Question de M. GATTOLIN André (Hauts-de-Seine - LaREM) publiée le 14/11/2019

Question posée en séance publique le 13/11/2019

M. André Gattolin. Ma question s'adresse au ministre de l'Europe et des affaires étrangères.

Hier, la Commission européenne, après plus de six mois d'enquête approfondie, a transmis aux autorités du Cambodge un rapport préliminaire aux termes duquel à défaut d'une réponse rapide et appropriée de son gouvernement, le Cambodge pourrait voir le système de préférence commerciale dit « Tout sauf les armes » dont il bénéficie suspendu en février prochain.

Cette procédure de la Commission constitue une première dans le cadre de ce mécanisme d'aide au développement, que nous tenons ici à saluer. Elle intervient en raison de violations réitérées des engagements pris par ce pays en matière de respect des droits humains et des droits des travailleurs par le régime de M. Hun Sen, au pouvoir depuis plus de trente-quatre ans.

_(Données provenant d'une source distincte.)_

lemma nn_integral_first_cell_le:
  fixes u k :: "real \<Rightarrow> real"
  assumes [measurable]: "u \<in> borel_measurable borel" "k \<in> borel_measurable borel"
    and u: "\<And>s::real. 0 \<le> u s" and B: "0 \<le> B"
    and k_near: "\<And>s::real. 0 < s \<Longrightarrow> s \<le> \<delta> \<Longrightarrow> \<bar>k s\<bar> \<le> pi / (2 * s)"
    and k_far: "\<And>s::real. \<delta> \<le> s \<Longrightarrow> s \<le> pi / r \<Longrightarrow> \<bar>k s\<bar> \<le> B * pi / (4 * s * sin (r * s / 2))"
    and H1: "dual_norm_le p {0..\<delta>} (\<lambda>s. W s / (s * sin (r * s / 2) powr \<beta>)) Y" and Y: "0 \<le> Y"
    and H2: "Lnorm_le p {0..\<delta>} (\<lambda>s. u s / W s * sin (r * s / 2) powr \<beta>) X1"
    and H3: "Lnorm_le p {\<delta>..pi / r} (\<lambda>s. u s * sin (r * s / 2) powr \<beta> / (W s * s powr \<gamma>)) X2"
  shows "(\<integral>\<^sup>+s\<in>{0..pi / r}. ennreal (u s * \<bar>k s\<bar>) \<partial>lborel) \<le> ennreal (near_bound X1 Y + B * far_bound X2)"
proof -
  have X: "0 \<le> X1" "0 \<le> X2" using H2 H3 by (auto simp: Lnorm_le_def)
  have W: "W s = \<omega> s" "0 < \<omega> s" "0 < sin (r * s / 2)" if "0 < s" "s \<le> pi / r" for s :: real
    using that sin_r_pos \<omega>_pos pi_div_r_le by (auto simp: modulus_extension_eq)
  have weight: "dual_norm_le p {\<delta>..pi / r} (\<lambda>s. W s / s * s powr \<gamma> / sin (r * s / 2) powr (1 + \<beta>))
      (2 * \<omega> \<delta> / \<delta> * (pi / r) powr (1 + \<beta>) * (powr_norm_const p \<epsilon> * \<delta> powr (\<epsilon> + 1 - 1/p)))"
  proof (rule dual_norm_le_weight_far)
    fix s assume s: "\<delta> \<le> s" "s \<le> pi / r"
    then have "0 < s" using \<delta>_pos by linarith
    moreover have "\<omega> s * \<delta> \<le> 2 * \<omega> \<delta> * s"
      using modulus_type_ratio_le[OF modulus \<delta>_pos, of s] s pi_div_r_le by simp
    ultimately show "0 \<le> W s / s \<and> W s / s \<le> 2 * \<omega> \<delta> / \<delta>"
      using W[of s] s \<delta>_pos by (simp add: field_simps less_imp_le)
  qed measurable
  have "(\<integral>\<^sup>+s\<in>{0..pi / r}. ennreal (u s * \<bar>k s\<bar>) \<partial>lborel)
      \<le> ennreal (pi / 2 * (X1 * Y) + B * pi / 4 * (X2 * (2 * \<omega> \<delta> / \<delta> * (pi / r) powr (1 + \<beta>)
          * (powr_norm_const p \<epsilon> * \<delta> powr (\<epsilon> + 1 - 1/p)))))"
  proof (rule nn_integral_split_Holder[OF p \<delta>_pos \<delta>_le _ _ _ _ _ _ H2 H1 H3 weight])
    fix s assume s: "0 < s" "s \<le> \<delta>"
    then have "u s * \<bar>k s\<bar> \<le> u s * (pi / (2 * s))" using k_near u by (intro mult_left_mono) auto
    also have "\<dots> = pi / 2 * (\<bar>u s / W s * sin (r * s / 2) powr \<beta>\<bar> * \<bar>W s / (s * sin (r * s / 2) powr \<beta>)\<bar>)"
      using W[of s] s \<delta>_le u[of s] by (simp add: abs_mult field_simps)
    finally show "u s * \<bar>k s\<bar> \<le> \<dots>" .
  next
    fix s assume s: "\<delta> \<le> s" "s \<le> pi / r"
    then have s0: "0 < s" using \<delta>_pos by linarith
    have "u s * \<bar>k s\<bar> \<le> u s * (B * pi / (4 * s * sin (r * s / 2)))" using k_far s u by (intro mult_left_mono) auto
    also have "\<dots> = B * pi / 4 * (\<bar>u s * sin (r * s / 2) powr \<beta> / (W s * s powr \<gamma>)\<bar>
        * \<bar>W s / s * s powr \<gamma> / sin (r * s / 2) powr (1 + \<beta>)\<bar>)"
      using W[OF s0 s(2)] s0 u[of s] by (simp add: abs_mult powr_add field_simps)
    finally show "u s * \<bar>k s\<bar> \<le> \<dots>" .
  qed (use u B Y X \<delta>_pos \<omega>_\<delta>_pos powr_norm_const_nonneg in auto)
  also have "\<dots> \<le> ennreal (near_bound X1 Y + B * far_bound X2)"
    using X Y B by (intro ennreal_leI first_cell_bound_le)
  finally show ?thesis .
qed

Deux ans après la dissolution du principal parti d'opposition et à la suite des élections de juillet de l'an passé, amplement contestées par la communauté internationale, le régime en place connaît une inquiétante dérive autoritaire qui contrevient au processus de démocratisation auquel il avait pourtant souscrit au travers des accords de Paris en 1991, après la chute du régime des Khmers rouges.

Avant-hier, sous la pression, les autorités cambodgiennes ont levé la mesure de résidence surveillée de l'un des leaders de l'opposition, M. Kem Sokha, tandis que M. Sam Rainsy, président en exil du Parti du sauvetage national du Cambodge, a été reçu hier et ce matin même avec beaucoup de bienveillance par les autorités de la Malaisie et de l'Indonésie.

Monsieur le ministre, au-delà de la juste initiative de la Commission européenne, n'est-ce pas pour la France le moment opportun de jouer un rôle actif pour tenter de ramener le Cambodge dans la voie de la démocratisation, en conformité avec les engagements de notre pays qui, je le rappelle, présida avec l'Indonésie à la signature des accords de Paris en 1991 ? (Applaudissements sur des travées du groupe LaREM.)


Réponse du Secrétariat d'État auprès du ministre de l'Europe et des affaires étrangères publiée le 14/11/2019

Réponse apportée en séance publique le 13/11/2019

M. Jean-Baptiste Lemoyne, secrétaire d'État auprès du ministre de l'Europe et des affaires étrangères. Monsieur le sénateur André Gattolin, je connais votre attachement à la défense des libertés et de la démocratie au Cambodge et la constance de vos positions sur ce sujet.

Comme vous, nous sommes préoccupés par la situation. Vous l'avez rappelé, les élections législatives de 2018 ne se sont pas déroulées dans de bonnes conditions. Un parti d'opposition, le Parti du salut national du Cambodge, a été dissous et son leader mis en prison.

Il est clair que nous ne pouvons pas rester inertes. Avec les Européens, nous avons donc déclenché une enquête qui nous permettra de prendre un certain nombre de décisions, notamment de lever des préférences commerciales. En effet, l'Europe, ce n'est pas seulement un marché ; ce sont aussi des valeurs ! Qui veut exporter en Europe doit respecter les droits sociaux, les droits des travailleurs et se conformer aux valeurs démocratiques fondamentales.

Je me réjouis que ce langage de fermeté ait produit quelques premiers résultats, puisque M. Kem Sokha a bénéficié d'un assouplissement de ses conditions de détention : il est désormais libre de circuler sur le territoire sous contrôle judiciaire. Ce geste était nécessaire, mais il n'est pas suffisant. Nous attendons du Gouvernement cambodgien qu'il engage un véritable dialogue pour reprendre de manière crédible le chemin de la démocratisation. Si nous ne constatons pas de progrès, nous serons amenés, en février prochain, à suspendre un certain nombre de préférences commerciales. Nous demeurons vigilants. (Applaudissements sur des travées du groupe LaREM.)